+++ RECORDED DATA

lemma bdd_above_norm2_set:
  assumes "compact_nc_convex K" "f \<in> ncA K"
  shows "bdd_above {mnorm 2 (rho2 K f x) | x. x \<in> K 2}"
proof -
  obtain B where "\<And>y. y \<in> K 2 \<Longrightarrow> mnorm 2 (f 2 y) \<le> B" using ncA_mnorm_bounded[OF assms one_le_numeral] by blast
  then show ?thesis unfolding bdd_above_def rho2_def by auto
qed

lemma norm2_nonneg: "compact_nc_convex K \<Longrightarrow> f \<in> ncA K \<Longrightarrow> 0 \<le> norm2 K (rho2 K f)"
  unfolding norm2_def by (intro cSup_upper) (auto dest: bdd_above_norm2_set)

lemma ncnorm_eq_norm2:
  assumes KC: "compact_nc_convex K" and f: "f \<in> ncA K"
  shows "ncnorm K f = norm2 K (rho2 K f)"
proof -
  have K: "nc_convex K" using KC unfolding compact_nc_convex_def by simp
  let ?T = "{mnorm 2 (rho2 K f x) | x. x \<in> K 2}"
  have bdd: "bdd_above (insert 0 ?T)" using bdd_above_norm2_set[OF KC f] by simp
  have level2: "mnorm 2 (f 2 y) \<le> norm2 K (rho2 K f)" if "y \<in> K 2" for y
    unfolding norm2_def using that by (intro cSup_upper[OF _ bdd]) (auto simp: rho2_def)
  show ?thesis unfolding ncnorm_def norm2_def
  proof (rule Sup_insert_0_eqI[OF bdd_above_norm2_set[OF KC f]])
    fix b assume "b \<in> ?T"
    then obtain x where "x \<in> K 2" "b = mnorm 2 (f 2 x)" unfolding rho2_def by auto
    then show "\<exists>a\<in>{mnorm n (f n x) | n x. 1 \<le> n \<and> x \<in> K n}. b \<le> a" by fastforce
  next
    fix a assume "a \<in> {mnorm n (f n x) | n x. 1 \<le> n \<and> x \<in> K n}"
    then obtain n x where "a = mnorm n (f n x)" "1 \<le> n" "x \<in> K n" by blast
    then show "a \<le> Sup (insert 0 ?T)"
      using ncA_mnorm_le_level2[OF K f _ _ norm2_nonneg[OF KC f] level2] unfolding norm2_def by simp
  qed
qed

lemma ncnorm_eq_norm1:
  assumes KC: "compact_nc_convex K" and S: "nc_symmetric K" and f: "f \<in> ncA K"
  shows "ncnorm K f = norm1 K (rho K f)"
proof -
  have K: "nc_convex K" using KC unfolding compact_nc_convex_def by simp
  let ?T = "{\<bar>rho K f x\<bar> | x. x \<in> K 1}"
  obtain B where B: "\<And>y. y \<in> K 1 \<Longrightarrow> mnorm 1 (f 1 y) \<le> B"
    using ncA_mnorm_bounded[OF KC f order_refl] by blast
  have entry: "\<bar>f 1 y 0 0\<bar> \<le> mnorm 1 (f 1 y)" for y by (rule abs_00_le_mnorm) simp
  have "\<bar>f 1 y 0 0\<bar> \<le> B" if "y \<in> K 1" for y using entry[of y] B[OF that] by linarith
  then have bdd: "bdd_above ?T" unfolding bdd_above_def rho_def by auto
  then have bdd0: "bdd_above (insert 0 ?T)" by simp
  have level1: "\<bar>f 1 y 0 0\<bar> \<le> norm1 K (rho K f)" if "y \<in> K 1" for y
    unfolding norm1_def using that by (intro cSup_upper[OF _ bdd0]) (auto simp: rho_def)
  have N: "0 \<le> norm1 K (rho K f)" unfolding norm1_def by (intro cSup_upper[OF _ bdd0]) simp
  show ?thesis unfolding ncnorm_def norm1_def
  proof (rule Sup_insert_0_eqI[OF bdd])
    fix b assume "b \<in> ?T"
    then obtain x where "x \<in> K 1" "b = \<bar>f 1 x 0 0\<bar>" unfolding rho_def by auto
    then show "\<exists>a\<in>{mnorm n (f n x) | n x. 1 \<le> n \<and> x \<in> K n}. b \<le> a" using entry by fastforce
  next
    fix a assume "a \<in> {mnorm n (f n x) | n x. 1 \<le> n \<and> x \<in> K n}"
    then obtain n x where "a = mnorm n (f n x)" "1 \<le> n" "x \<in> K n" by blast
    then show "a \<le> Sup (insert 0 ?T)"
      using ncA_mnorm_le_level1[OF K S f _ _ N level1] unfolding norm1_def by simp
  qed
qed

section \<open>Extending affine functions from the first level\<close>

locale additive_cone =
  fixes C :: "'a::real_vector set" and G :: "'a \<Rightarrow> real"
  assumes zero_mem: "0 \<in> C"
    and add_mem: "a \<in> C \<Longrightarrow> b \<in> C \<Longrightarrow> a + b \<in> C"
    and scale_mem: "a \<in> C \<Longrightarrow> 0 \<le> c \<Longrightarrow> c *\<^sub>R a \<in> C"
    and additive: "a \<in> C \<Longrightarrow> b \<in> C \<Longrightarrow> G (a + b) = G a + G b"
    and homogeneous: "a \<in> C \<Longrightarrow> 0 \<le> c \<Longrightarrow> G (c *\<^sub>R a) = c * G a"
begin

definition diffs :: "'a set" where
  "diffs = {a - b | a b. a \<in> C \<and> b \<in> C}"

definition lin_ext :: "'a \<Rightarrow> real" where
  "lin_ext z = (SOME r. \<exists>a b. a \<in> C \<and> b \<in> C \<and> z = a - b \<and> r = G a - G b)"
lemma positive_turn_1_or_j: "positive_turn u 1 \<or> positive_turn u' j"
proof (rule ccontr)
  let ?D = "det3 (u 1) (u 0) (u (Suc j))"
  assume "\<not> (positive_turn u 1 \<or> positive_turn u' j)"
  then have neg: "turn n u 1 * \<sigma> < 0" "turn n u' j * \<sigma> < 0"
    using not_positive_turn polygon polygon_u' by (simp_all add: mult.commute)
  have D: "0 < ?D * \<sigma>" using sign_0_1_Suc_j det3_swap(1)[of "u 1" "u 0" "u (Suc j)"] by simp
  have "turn n u 1 = - det3 (u 1) (u 0) (u 2)"
    using turn_eq[of 1 n u] n_ge_4 det3_swap(1)[of "u 0" "u 1" "u 2"] by (simp add: numeral_2_eq_2)
  then have "0 < det3 (u 1) (u 0) (u 2) * ?D"
    using mult_pos_same_sign[OF _ D, of "det3 (u 1) (u 0) (u 2)"] neg(1) by simp
  moreover have "turn n u' j = - det3 (u 1) (u 2) (u (Suc j))"
    using turn_u'_j det3_swap(1)[of "u 2" "u 1" "u (Suc j)"] by simp
  then have "0 < det3 (u 1) (u 2) (u (Suc j)) * ?D"
    using mult_pos_same_sign[OF _ D, of "det3 (u 1) (u 2) (u (Suc j))"] neg(2) by simp
  moreover have "\<not> (0 < det3 (u 1) (u 0) (u 2) * ?D \<and> 0 < det3 (u 1) (u 2) (u (Suc j)) * ?D)"
    by (rule corner_excluded[where f = 1 and e = j and pa = q, OF _ _ _ _ _ _ p _ t r])
       (use det_nonzero n_ge_4 j_ge j_le outside_triangle_1Sj w_0 w_j in \<open>auto simp: add.commute\<close>)
  ultimately show False by blast
qed

lemma positive_turn_Suc_j: "positive_turn u (Suc j) \<longrightarrow> positive_turn u' (Suc j)"
proof
  let ?x = "Suc (Suc j) mod n" and ?D = "det3 (u (Suc j)) (u j) (u 1)"
  assume pos: "positive_turn u (Suc j)"
  show "positive_turn u' (Suc j)"
  proof (rule ccontr)
    assume "\<not> positive_turn u' (Suc j)"
    then have neg: "turn n u' (Suc j) * \<sigma> < 0"
      using not_positive_turn polygon_u' by (simp add: mult.commute)
    have D: "?D * \<sigma> < 0" using sign_j_Suc_j_1 det3_swap(1)[of "u (Suc j)" "u j" "u 1"] by simp
    have "turn n u (Suc j) = - det3 (u (Suc j)) (u j) (u ?x)"
      using turn_eq[of "Suc j" n u] j_le det3_swap(1)[of "u j" "u (Suc j)" "u ?x"] by simp
    then have "0 < det3 (u (Suc j)) (u j) (u ?x) * ?D"
      using mult_neg_same_sign[OF _ D, of "det3 (u (Suc j)) (u j) (u ?x)"] pos
      unfolding positive_turn_def by (simp add: mult.commute)
    moreover have "turn n u' (Suc j) = det3 (u (Suc j)) (u ?x) (u 1)"
      using turn_u'_Suc_j det3_rotate[of "u 1" "u (Suc j)" "u ?x"] by simp
    then have "0 < det3 (u (Suc j)) (u ?x) (u 1) * ?D"
      using mult_neg_same_sign[OF neg D] by simp
    moreover have "\<not> (0 < det3 (u (Suc j)) (u j) (u ?x) * ?D \<and> 0 < det3 (u (Suc j)) (u ?x) (u 1) * ?D)"
      by (rule corner_excluded[where f = "Suc j" and e = 0 and pa = t, OF _ _ _ _ _ _ r _ q p])
         (use det_nonzero n_ge_4 j_ge j_le outside_triangle_1Sj w_0 w_j in
           \<open>auto simp: add.commute in_cone3_commute mod_Suc\<close>)
    ultimately show False by blast
  qed
qed

lemma num_inflections_u'_le: "num_inflections n u' \<le> num_inflections n u + 2"
proof -
  let ?b = "positive_turn u" and ?b' = "positive_turn u'"
  have "of_bool (?b' 0 \<noteq> ?b 0) + of_bool (?b' 0 \<noteq> ?b' 1) + of_bool (?b' 1 = ?b j)
      + of_bool (?b' j = ?b 1) + of_bool (?b' j \<noteq> ?b' (Suc j)) + of_bool (?b' (Suc j) \<noteq> ?b (Suc j))
      \<le> of_bool (?b 0 \<noteq> ?b 1) + of_bool (?b j \<noteq> ?b (Suc j)) + (2::nat)"
    by (rule switch_sign_changes_bound[OF positive_turn_0 positive_turn_j_or_1 positive_turn_1_or_j
          positive_turn_Suc_j])
  then show ?thesis
    using num_inflections_split[OF polygon] num_inflections_split[OF polygon_u']
      sign_changes_u'_reversed_path sign_changes_u'_unchanged_path by linarith
qed

end

lemma (in unique_crossing) two_opt_bound:
  "2 * num_self_intersections n u' + num_inflections n u' \<le> 2 + num_inflections n u"
proof -
  obtain p q r t where "0 < p" "0 < q" "0 < r" "0 < t"
    "w = p *\<^sub>R u 0 + q *\<^sub>R u 1" "w = r *\<^sub>R u j + t *\<^sub>R u (Suc j)"
    by (rule crossing_weights)
  then interpret unique_crossing_weights n j u w p q r t
    by unfold_locales
  show ?thesis using self_intersections_u' num_inflections_u'_le
    unfolding num_self_intersections_def by simp
qed

subsection \<open>Reduction to the normalized situation\<close>

lemma crossing_pair_unique:
  assumes one: "num_self_intersections n u = 1"
    and ij: "i < n" "j < n" "\<not> adjacent_edges n i j" "edge n u i \<inter> edge n u j \<noteq> {}"
    and kl: "k < n" "l < n" "\<not> adjacent_edges n k l" "edge n u k \<inter> edge n u l \<noteq> {}"
  shows "{k, l} = {i, j}"
proof -
  have mem: "(min a b, max a b) \<in> self_intersections n u"
    if "a < n" "b < n" "\<not> adjacent_edges n a b" "edge n u a \<inter> edge n u b \<noteq> {}" for a b
    using that unfolding self_intersections_def adjacent_edges_def
    by (cases "a \<le> b") (auto simp: min_def max_def Int_commute)
  obtain x where "self_intersections n u = {x}"
    using one unfolding num_self_intersections_def by (rule card_1_singletonE)
  then have "(min k l, max k l) = (min i j, max i j)" using mem[OF ij] mem[OF kl] by auto
  then show ?thesis by (auto simp: min_def max_def doubleton_eq_iff split: if_splits)
qed

lemma rotation_offset:
  assumes "i < n" "j < n" "\<not> adjacent_edges n i j"
  shows "2 \<le> (j + n - i) mod n" "(j + n - i) mod n + 2 \<le> n"
    "((j + n - i) mod n + i) mod n = j" "(Suc ((j + n - i) mod n) + i) mod n = Suc j mod n"
proof -
  define j' where "j' = (j + n - i) mod n"
  have j': "j' = (if i \<le> j then j - i else j + n - i)"
  proof (cases "i \<le> j")
    case True
    then obtain d where "j = i + d" using le_Suc_ex by blast
    then show ?thesis unfolding j'_def using assms(2) by simp
  qed (use assms(1) j'_def in simp)
  have "i \<noteq> j" "Suc i mod n \<noteq> j" "Suc j mod n \<noteq> i"
    using assms(3) unfolding adjacent_edges_def by auto
  then show "2 \<le> j'" "j' + 2 \<le> n" using j' assms(1,2) by (auto simp: mod_Suc split: if_splits)
  show "(j' + i) mod n = j" using j' assms(1,2) by (auto split: if_splits)
  then show "(Suc j' + i) mod n = Suc j mod n" by (metis add_Suc mod_Suc_eq)
qed

lemma rotate_polygon_crossing_pair:
  assumes one: "num_self_intersections n u = 1"
    and ij: "i < n" "j < n" "\<not> adjacent_edges n i j" "edge n u i \<inter> edge n u j \<noteq> {}"
    and kl: "k < n" "l < n" "\<not> adjacent_edges n k l"
      "edge n (rotate_polygon n i u) k \<inter> edge n (rotate_polygon n i u) l \<noteq> {}"
  shows "{k, l} = {0, (j + n - i) mod n}"
proof -
  let ?j = "(j + n - i) mod n"
  have "0 < n" using ij(1) by simp
  have "{(k + i) mod n, (l + i) mod n} = {i, j}"
  proof (rule crossing_pair_unique[OF one ij])
    show "(k + i) mod n < n" "(l + i) mod n < n" using \<open>0 < n\<close> by simp_all
    show "\<not> adjacent_edges n ((k + i) mod n) ((l + i) mod n)"
      using kl(3) adjacent_edges_rotate[OF kl(1,2)] by simp
    show "edge n u ((k + i) mod n) \<inter> edge n u ((l + i) mod n) \<noteq> {}"
      using kl(4) by (simp add: edge_rotate_polygon)
  qed
  moreover have "?j < n" "(0 + i) mod n = i" "(?j + i) mod n = j"
    using rotation_offset[OF ij(1-3)] ij(1) by auto
  ultimately have img: "(\<lambda>x. (x + i) mod n) ` {k, l} = (\<lambda>x. (x + i) mod n) ` {0, ?j}" by simp
  have inj: "inj_on (\<lambda>x. (x + i) mod n) {..<n}"
    using bij_betw_rotate_index[OF \<open>0 < n\<close>] by (rule bij_betw_imp_inj_on)
  have subsets: "{k, l} \<subseteq> {..<n}" "{0, ?j} \<subseteq> {..<n}" using kl(1,2) \<open>?j < n\<close> by auto
  show ?thesis by (rule iffD1[OF inj_on_image_eq_iff[OF inj subsets] img])
qed

lemma unique_crossing_rotate_polygon:
  assumes polygon: "sph_polygon n u" and ij: "i < n" "j < n" "\<not> adjacent_edges n i j"
    and one: "num_self_intersections n u = 1"
    and cross: "edge n u i \<inter> edge n u j = {w}"
    and empty_i_j: "\<forall>k<n. k \<noteq> i \<and> k \<noteq> j \<longrightarrow> u k \<notin> sph_triangle (u i) (u j) w"
    and empty_Si_Sj: "\<forall>k<n. k \<noteq> Suc i mod n \<and> k \<noteq> Suc j mod n \<longrightarrow>
           u k \<notin> sph_triangle (u (Suc i mod n)) (u (Suc j mod n)) w"
  shows "unique_crossing n ((j + n - i) mod n) (rotate_polygon n i u) w"
proof -
  let ?v = "rotate_polygon n i u" and ?j = "(j + n - i) mod n"
  have off: "2 \<le> ?j" "?j + 2 \<le> n" "(?j + i) mod n = j" "(Suc ?j + i) mod n = Suc j mod n"
    using rotation_offset[OF ij] by blast+
  have rot_eq: "(a + i) mod n = (b + i) mod n \<longleftrightarrow> a = b" if "a < n" "b < n" for a b
    using rotate_index_inj that by blast
  have v: "?v 0 = u i" "?v ?j = u j" "?v 1 = u (Suc i mod n)" "?v (Suc ?j) = u (Suc j mod n)"
    using off ij(1) by (simp_all add: rotate_polygon_def)
  have "0 < n" using ij(1) by simp
  show ?thesis
  proof
    show "sph_polygon n ?v" by (rule sph_polygon_rotate_polygon[OF polygon])
    show "2 \<le> ?j" "?j + 2 \<le> n" by (fact off)+
  next
    fix k l assume kl: "k < n" "l < n" "\<not> adjacent_edges n k l" "edge n ?v k \<inter> edge n ?v l \<noteq> {}"
    have "edge n u i \<inter> edge n u j \<noteq> {}" using cross by simp
    then show "{k, l} = {0, ?j}" by (rule rotate_polygon_crossing_pair[OF one ij _ kl])
  next
    show "edge n ?v 0 \<inter> edge n ?v ?j = {w}"
      using cross off ij(1) by (simp add: edge_rotate_polygon)
  next
    fix k assume "k < n" "k \<noteq> 0" "k \<noteq> ?j"
    then show "?v k \<notin> sph_triangle (?v 0) (?v ?j) w"
      using empty_i_j rot_eq[of k 0] rot_eq[of k ?j] off ij(1) \<open>0 < n\<close> unfolding v
      by (auto simp: rotate_polygon_def)
  next
    fix k assume "k < n" "k \<noteq> 1" "k \<noteq> Suc ?j"
    then show "?v k \<notin> sph_triangle (?v 1) (?v (Suc ?j)) w"
      using empty_Si_Sj rot_eq[of k 1] rot_eq[of k "Suc ?j"] off ij(1) \<open>0 < n\<close> unfolding v
      by (auto simp: rotate_polygon_def)
  qed
qed

theorem lemma15:
  fixes n i j :: nat and u :: "nat \<Rightarrow> real^3" and w :: "real^3"
  assumes "sph_polygon n u"
    and "i < n" and "j < n" and "\<not> adjacent_edges n i j"
    and "num_self_intersections n u = 1"
    and "edge n u i \<inter> edge n u j = {w}"
    and "\<forall>k<n. k \<noteq> i \<and> k \<noteq> j \<longrightarrow> u k \<notin> sph_triangle (u i) (u j) w"
    and "\<forall>k<n. k \<noteq> Suc i mod n \<and> k \<noteq> Suc j mod n \<longrightarrow>
           u k \<notin> sph_triangle (u (Suc i mod n)) (u (Suc j mod n)) w"
  shows "2 * num_self_intersections n u + num_inflections n u
           \<ge> 2 * num_self_intersections n (two_opt n u i j) + num_inflections n (two_opt n u i j)"
proof -
  let ?v = "rotate_polygon n i u" and ?j = "(j + n - i) mod n"
  interpret unique_crossing n ?j ?v w
    by (rule unique_crossing_rotate_polygon[OF assms])
  have "two_opt n u i j = u'"
    unfolding u'_def by (rule two_opt_rotate_polygon[OF assms(2,3)])
  moreover have "num_inflections n ?v = num_inflections n u"
    using num_inflections_rotate_polygon assms(2) by simp
  ultimately show ?thesis using two_opt_bound assms(5) by simp
qed

end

++++++

All that is wanted is a faithful reproduction of the line above with "num_self_intersections n u'", the line with "define j' where", and every line in between.

  "2 * num_self_intersections n u' + num_inflections n u' \<le> 2 + num_inflections n u"
proof -
  obtain p q r t where "0 < p" "0 < q" "0 < r" "0 < t"
    "w = p *\<^sub>R u 0 + q *\<^sub>R u 1" "w = r *\<^sub>R u j + t *\<^sub>R u (Suc j)"
    by (rule crossing_weights)
  then interpret unique_crossing_weights n j u w p q r t
    by unfold_locales
  show ?thesis using self_intersections_u' num_inflections_u'_le
    unfolding num_self_intersections_def by simp
qed

subsection \<open>Reduction to the normalized situation\<close>

lemma crossing_pair_unique:
  assumes one: "num_self_intersections n u = 1"
    and ij: "i < n" "j < n" "\<not> adjacent_edges n i j" "edge n u i \<inter> edge n u j \<noteq> {}"
    and kl: "k < n" "l < n" "\<not> adjacent_edges n k l" "edge n u k \<inter> edge n u l \<noteq> {}"
  shows "{k, l} = {i, j}"
proof -
  have mem: "(min a b, max a b) \<in> self_intersections n u"
    if "a < n" "b < n" "\<not> adjacent_edges n a b" "edge n u a \<inter> edge n u b \<noteq> {}" for a b
    using that unfolding self_intersections_def adjacent_edges_def
    by (cases "a \<le> b") (auto simp: min_def max_def Int_commute)
  obtain x where "self_intersections n u = {x}"
    using one unfolding num_self_intersections_def by (rule card_1_singletonE)
  then have "(min k l, max k l) = (min i j, max i j)" using mem[OF ij] mem[OF kl] by auto
  then show ?thesis by (auto simp: min_def max_def doubleton_eq_iff split: if_splits)
qed

lemma rotation_offset:
  assumes "i < n" "j < n" "\<not> adjacent_edges n i j"
  shows "2 \<le> (j + n - i) mod n" "(j + n - i) mod n + 2 \<le> n"
    "((j + n - i) mod n + i) mod n = j" "(Suc ((j + n - i) mod n) + i) mod n = Suc j mod n"
proof -
  define j' where "j' = (j + n - i) mod n"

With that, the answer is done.